SUPPLIED RECORDS START

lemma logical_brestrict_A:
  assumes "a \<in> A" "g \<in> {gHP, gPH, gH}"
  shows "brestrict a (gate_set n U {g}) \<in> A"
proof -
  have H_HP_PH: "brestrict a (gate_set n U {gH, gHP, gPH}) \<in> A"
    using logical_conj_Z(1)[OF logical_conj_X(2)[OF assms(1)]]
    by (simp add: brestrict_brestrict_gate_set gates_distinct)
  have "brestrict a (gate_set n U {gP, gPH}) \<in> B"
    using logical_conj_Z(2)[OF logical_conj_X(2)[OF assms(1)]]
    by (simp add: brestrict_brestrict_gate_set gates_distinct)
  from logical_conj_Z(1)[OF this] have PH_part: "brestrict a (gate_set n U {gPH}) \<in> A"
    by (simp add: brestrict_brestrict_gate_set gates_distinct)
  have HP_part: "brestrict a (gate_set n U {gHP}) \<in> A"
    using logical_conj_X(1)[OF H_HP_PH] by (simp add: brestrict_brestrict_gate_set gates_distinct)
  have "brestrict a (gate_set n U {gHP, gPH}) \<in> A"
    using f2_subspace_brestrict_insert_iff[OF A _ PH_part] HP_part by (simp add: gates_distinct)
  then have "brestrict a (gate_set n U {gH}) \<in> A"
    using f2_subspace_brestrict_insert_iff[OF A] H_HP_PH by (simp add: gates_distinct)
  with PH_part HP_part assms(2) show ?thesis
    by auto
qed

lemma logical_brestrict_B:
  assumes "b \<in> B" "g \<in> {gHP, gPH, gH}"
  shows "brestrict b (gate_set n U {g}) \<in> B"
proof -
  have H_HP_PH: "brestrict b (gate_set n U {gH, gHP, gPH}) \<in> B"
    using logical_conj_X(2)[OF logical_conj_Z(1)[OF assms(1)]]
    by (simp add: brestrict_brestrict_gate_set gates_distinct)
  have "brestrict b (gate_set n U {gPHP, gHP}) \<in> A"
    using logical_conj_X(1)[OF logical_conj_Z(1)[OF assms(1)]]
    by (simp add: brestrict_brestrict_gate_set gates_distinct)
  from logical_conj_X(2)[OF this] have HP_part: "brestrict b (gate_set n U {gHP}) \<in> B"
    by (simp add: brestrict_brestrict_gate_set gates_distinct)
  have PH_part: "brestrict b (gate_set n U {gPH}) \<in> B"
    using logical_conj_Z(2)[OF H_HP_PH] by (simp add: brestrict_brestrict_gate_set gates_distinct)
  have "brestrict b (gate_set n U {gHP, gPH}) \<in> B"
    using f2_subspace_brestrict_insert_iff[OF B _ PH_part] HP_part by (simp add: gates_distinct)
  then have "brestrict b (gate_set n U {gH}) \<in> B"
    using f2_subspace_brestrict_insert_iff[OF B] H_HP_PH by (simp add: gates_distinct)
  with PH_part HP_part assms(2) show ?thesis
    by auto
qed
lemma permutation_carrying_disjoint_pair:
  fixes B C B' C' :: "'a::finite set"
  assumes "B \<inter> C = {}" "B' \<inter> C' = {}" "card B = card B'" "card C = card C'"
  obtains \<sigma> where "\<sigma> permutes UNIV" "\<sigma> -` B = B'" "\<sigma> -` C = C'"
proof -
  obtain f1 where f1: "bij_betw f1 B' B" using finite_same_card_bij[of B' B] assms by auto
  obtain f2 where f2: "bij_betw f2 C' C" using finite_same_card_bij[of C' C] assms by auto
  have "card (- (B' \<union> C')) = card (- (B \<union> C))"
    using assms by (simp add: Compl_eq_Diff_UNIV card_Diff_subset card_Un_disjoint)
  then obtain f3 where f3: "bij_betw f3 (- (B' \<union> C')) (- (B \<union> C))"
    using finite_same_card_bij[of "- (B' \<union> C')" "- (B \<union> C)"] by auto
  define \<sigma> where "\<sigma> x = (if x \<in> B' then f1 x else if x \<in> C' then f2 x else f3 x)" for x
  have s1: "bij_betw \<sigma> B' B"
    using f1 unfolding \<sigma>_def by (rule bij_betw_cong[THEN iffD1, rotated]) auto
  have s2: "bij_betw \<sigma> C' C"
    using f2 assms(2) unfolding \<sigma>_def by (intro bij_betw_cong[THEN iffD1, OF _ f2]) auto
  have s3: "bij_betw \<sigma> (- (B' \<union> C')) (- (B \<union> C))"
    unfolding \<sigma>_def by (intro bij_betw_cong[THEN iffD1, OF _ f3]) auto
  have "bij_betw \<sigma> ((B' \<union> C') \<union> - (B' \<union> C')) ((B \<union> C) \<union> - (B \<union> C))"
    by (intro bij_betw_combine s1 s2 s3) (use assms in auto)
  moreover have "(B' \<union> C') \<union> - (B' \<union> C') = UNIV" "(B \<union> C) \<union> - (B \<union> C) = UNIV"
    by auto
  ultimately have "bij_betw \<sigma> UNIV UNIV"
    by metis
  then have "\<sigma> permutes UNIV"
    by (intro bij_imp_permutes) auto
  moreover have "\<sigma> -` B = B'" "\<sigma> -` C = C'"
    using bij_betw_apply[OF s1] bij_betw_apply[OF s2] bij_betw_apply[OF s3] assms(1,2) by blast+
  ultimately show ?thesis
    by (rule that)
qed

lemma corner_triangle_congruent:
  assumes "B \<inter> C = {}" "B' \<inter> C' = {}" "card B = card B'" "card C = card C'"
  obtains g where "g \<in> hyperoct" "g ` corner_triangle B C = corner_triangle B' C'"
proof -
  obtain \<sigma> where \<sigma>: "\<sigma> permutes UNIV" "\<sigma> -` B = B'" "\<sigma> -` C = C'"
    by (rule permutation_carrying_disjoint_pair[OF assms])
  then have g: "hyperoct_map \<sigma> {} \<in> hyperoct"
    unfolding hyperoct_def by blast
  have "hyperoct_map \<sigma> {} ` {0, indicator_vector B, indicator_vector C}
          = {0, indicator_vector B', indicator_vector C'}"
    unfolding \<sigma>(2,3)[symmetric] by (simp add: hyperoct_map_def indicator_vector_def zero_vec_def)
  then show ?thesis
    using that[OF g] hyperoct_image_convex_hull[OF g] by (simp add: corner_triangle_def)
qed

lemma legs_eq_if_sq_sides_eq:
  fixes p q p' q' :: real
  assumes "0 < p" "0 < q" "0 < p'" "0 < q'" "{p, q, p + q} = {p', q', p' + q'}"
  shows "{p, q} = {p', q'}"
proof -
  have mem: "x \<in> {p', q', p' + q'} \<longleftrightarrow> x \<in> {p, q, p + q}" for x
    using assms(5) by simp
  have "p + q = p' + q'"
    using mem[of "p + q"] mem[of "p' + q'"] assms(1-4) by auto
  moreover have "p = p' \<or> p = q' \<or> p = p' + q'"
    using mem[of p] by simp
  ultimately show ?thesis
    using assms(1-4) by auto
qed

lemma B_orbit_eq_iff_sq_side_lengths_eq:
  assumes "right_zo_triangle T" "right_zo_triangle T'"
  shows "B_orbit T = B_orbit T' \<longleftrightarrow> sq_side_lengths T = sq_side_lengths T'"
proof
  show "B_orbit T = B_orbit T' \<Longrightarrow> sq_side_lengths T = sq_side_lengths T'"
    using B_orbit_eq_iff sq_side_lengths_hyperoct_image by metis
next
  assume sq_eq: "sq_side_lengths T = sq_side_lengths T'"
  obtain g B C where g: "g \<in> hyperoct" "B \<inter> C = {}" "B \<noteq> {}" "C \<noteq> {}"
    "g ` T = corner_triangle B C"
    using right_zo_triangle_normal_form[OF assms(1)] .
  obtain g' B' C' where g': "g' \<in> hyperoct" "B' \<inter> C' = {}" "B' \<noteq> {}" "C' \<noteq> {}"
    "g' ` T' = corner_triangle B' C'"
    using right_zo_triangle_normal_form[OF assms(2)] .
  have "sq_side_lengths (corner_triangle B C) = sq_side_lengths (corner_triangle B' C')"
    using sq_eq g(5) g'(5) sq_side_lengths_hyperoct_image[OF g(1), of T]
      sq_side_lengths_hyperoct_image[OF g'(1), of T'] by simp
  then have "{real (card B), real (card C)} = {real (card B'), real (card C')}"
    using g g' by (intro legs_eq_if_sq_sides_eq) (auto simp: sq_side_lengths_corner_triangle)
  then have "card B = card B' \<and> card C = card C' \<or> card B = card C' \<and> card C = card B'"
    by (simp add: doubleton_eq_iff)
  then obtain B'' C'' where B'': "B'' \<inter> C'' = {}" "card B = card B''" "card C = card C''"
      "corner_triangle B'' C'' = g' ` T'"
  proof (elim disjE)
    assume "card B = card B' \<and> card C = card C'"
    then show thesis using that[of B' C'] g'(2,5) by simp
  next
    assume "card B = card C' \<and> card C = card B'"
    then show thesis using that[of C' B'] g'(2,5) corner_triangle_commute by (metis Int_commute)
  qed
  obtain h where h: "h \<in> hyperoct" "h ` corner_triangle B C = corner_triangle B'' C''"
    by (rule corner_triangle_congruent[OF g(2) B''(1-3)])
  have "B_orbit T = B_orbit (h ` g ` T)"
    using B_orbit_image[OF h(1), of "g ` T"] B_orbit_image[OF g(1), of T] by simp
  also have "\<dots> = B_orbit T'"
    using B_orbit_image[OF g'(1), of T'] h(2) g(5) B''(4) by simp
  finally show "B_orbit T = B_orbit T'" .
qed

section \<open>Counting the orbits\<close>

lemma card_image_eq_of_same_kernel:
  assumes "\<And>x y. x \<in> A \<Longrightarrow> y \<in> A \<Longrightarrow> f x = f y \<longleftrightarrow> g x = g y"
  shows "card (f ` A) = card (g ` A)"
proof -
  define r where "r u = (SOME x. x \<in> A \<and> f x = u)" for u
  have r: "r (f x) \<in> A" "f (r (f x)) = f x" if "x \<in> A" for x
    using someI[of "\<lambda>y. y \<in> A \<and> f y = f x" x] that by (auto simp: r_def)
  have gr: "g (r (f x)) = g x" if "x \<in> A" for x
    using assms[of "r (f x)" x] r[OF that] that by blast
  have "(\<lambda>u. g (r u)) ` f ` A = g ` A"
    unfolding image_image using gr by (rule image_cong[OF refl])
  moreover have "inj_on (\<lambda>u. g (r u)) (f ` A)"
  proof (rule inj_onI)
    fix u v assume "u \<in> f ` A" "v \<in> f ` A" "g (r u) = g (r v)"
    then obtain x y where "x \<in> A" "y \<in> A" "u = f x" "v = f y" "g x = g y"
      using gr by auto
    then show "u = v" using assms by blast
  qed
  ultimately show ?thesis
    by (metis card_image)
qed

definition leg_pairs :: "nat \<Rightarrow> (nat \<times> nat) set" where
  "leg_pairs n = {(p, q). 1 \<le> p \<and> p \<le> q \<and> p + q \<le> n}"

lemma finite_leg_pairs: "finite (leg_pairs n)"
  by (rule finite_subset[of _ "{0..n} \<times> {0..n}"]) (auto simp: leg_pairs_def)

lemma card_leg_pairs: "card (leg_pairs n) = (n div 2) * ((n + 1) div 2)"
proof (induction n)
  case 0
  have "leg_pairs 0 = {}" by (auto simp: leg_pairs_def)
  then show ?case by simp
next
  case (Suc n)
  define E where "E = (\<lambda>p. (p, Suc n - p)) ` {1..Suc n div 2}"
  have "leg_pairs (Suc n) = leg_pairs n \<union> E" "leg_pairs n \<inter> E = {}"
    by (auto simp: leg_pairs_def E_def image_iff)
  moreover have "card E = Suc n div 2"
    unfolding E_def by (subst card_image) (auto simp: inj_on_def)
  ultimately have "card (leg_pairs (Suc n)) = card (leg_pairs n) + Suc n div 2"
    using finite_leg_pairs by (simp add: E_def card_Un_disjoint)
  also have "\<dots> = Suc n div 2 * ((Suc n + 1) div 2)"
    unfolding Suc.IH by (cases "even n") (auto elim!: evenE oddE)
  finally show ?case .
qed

SUPPLIED RECORDS END

__EXERCISE OBJECTIVE__: Whenever a line of the material above contains the string "blast", copy that line out.

__REPLY TO THE TASK__:
    using bij_betw_apply[OF s1] bij_betw_apply[OF s2] bij_betw_apply[OF s3] assms(1,2) by blast+
    unfolding hyperoct_def by blast
    using assms[of "r (f x)" x] r[OF that] that by blast
    then show "u = v" using assms by blast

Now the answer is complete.